The data below holds a line containing "class size n" and a line containing "(if i = 0 then"; please quote exactly those two lines and every line between them, and nothing else.

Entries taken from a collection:
=======
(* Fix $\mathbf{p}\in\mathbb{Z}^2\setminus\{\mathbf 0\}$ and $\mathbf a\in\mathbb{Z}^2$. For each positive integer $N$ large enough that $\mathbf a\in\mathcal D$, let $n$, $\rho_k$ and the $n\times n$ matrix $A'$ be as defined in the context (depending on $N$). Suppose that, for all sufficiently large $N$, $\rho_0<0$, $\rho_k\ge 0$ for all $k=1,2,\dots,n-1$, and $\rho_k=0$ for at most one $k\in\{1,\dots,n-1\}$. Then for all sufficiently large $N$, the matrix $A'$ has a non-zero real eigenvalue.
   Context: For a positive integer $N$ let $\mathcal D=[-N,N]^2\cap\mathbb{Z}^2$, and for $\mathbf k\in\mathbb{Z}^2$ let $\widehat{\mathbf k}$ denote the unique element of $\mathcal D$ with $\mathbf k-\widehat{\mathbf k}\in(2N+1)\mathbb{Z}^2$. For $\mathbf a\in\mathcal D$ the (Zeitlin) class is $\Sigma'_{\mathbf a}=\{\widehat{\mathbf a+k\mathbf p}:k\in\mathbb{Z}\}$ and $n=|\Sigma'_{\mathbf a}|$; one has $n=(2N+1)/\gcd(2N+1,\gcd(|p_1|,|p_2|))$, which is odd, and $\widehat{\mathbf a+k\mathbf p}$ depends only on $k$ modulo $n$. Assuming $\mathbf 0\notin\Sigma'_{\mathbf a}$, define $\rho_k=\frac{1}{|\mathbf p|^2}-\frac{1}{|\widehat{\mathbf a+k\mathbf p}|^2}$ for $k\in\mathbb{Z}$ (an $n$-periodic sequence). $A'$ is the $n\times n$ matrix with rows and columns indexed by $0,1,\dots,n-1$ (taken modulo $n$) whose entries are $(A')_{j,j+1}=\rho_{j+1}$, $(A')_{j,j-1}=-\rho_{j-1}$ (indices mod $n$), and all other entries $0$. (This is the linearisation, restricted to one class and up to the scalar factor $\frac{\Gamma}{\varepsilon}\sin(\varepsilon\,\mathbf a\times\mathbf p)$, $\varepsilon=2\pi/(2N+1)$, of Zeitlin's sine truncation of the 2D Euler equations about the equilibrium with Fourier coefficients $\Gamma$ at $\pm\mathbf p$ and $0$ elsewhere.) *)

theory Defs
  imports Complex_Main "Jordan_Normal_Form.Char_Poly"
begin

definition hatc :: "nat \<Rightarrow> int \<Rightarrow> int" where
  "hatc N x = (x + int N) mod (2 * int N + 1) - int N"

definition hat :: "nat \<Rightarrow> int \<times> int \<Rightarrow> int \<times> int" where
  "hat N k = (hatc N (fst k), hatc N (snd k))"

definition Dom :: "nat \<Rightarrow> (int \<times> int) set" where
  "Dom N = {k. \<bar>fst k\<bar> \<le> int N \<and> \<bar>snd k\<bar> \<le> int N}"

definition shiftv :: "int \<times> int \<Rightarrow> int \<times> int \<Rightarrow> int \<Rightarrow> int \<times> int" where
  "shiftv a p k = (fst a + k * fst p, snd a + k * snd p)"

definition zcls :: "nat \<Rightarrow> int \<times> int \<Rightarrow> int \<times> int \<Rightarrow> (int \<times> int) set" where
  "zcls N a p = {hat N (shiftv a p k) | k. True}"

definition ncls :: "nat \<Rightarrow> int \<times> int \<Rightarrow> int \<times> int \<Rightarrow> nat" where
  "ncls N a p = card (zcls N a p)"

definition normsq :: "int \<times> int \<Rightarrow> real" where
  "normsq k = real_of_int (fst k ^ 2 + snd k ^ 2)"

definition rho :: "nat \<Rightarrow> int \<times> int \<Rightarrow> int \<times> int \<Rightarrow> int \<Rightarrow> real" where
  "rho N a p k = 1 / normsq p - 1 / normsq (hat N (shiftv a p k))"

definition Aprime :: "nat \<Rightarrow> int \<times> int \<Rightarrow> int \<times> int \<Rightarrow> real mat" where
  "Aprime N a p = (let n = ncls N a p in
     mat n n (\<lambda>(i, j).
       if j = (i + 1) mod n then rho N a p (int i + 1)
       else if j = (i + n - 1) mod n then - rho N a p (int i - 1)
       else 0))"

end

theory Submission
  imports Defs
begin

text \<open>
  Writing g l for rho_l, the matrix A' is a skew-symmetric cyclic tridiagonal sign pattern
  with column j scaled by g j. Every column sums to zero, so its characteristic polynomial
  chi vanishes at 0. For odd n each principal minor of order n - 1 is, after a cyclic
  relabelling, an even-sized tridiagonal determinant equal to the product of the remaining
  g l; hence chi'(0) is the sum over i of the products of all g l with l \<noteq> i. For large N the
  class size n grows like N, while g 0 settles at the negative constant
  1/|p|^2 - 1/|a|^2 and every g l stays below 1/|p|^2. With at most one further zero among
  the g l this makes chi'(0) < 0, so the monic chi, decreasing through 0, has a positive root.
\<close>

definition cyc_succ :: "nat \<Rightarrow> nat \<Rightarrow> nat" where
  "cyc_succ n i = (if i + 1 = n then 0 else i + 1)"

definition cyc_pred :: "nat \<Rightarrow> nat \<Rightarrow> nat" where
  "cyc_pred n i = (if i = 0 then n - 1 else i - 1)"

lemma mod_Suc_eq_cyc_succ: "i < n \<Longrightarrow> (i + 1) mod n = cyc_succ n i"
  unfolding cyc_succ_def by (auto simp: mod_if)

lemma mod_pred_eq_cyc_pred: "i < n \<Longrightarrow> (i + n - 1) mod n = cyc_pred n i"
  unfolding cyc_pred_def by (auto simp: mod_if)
=======
> FINISHED EXERCISE
  class size n grows like N, while g 0 settles at the negative constant
  1/|p|^2 - 1/|a|^2 and every g l stays below 1/|p|^2. With at most one further zero among
  the g l this makes chi'(0) < 0, so the monic chi, decreasing through 0, has a positive root.
\<close>

definition cyc_succ :: "nat \<Rightarrow> nat \<Rightarrow> nat" where
  "cyc_succ n i = (if i + 1 = n then 0 else i + 1)"

definition cyc_pred :: "nat \<Rightarrow> nat \<Rightarrow> nat" where
  "cyc_pred n i = (if i = 0 then n - 1 else i - 1)"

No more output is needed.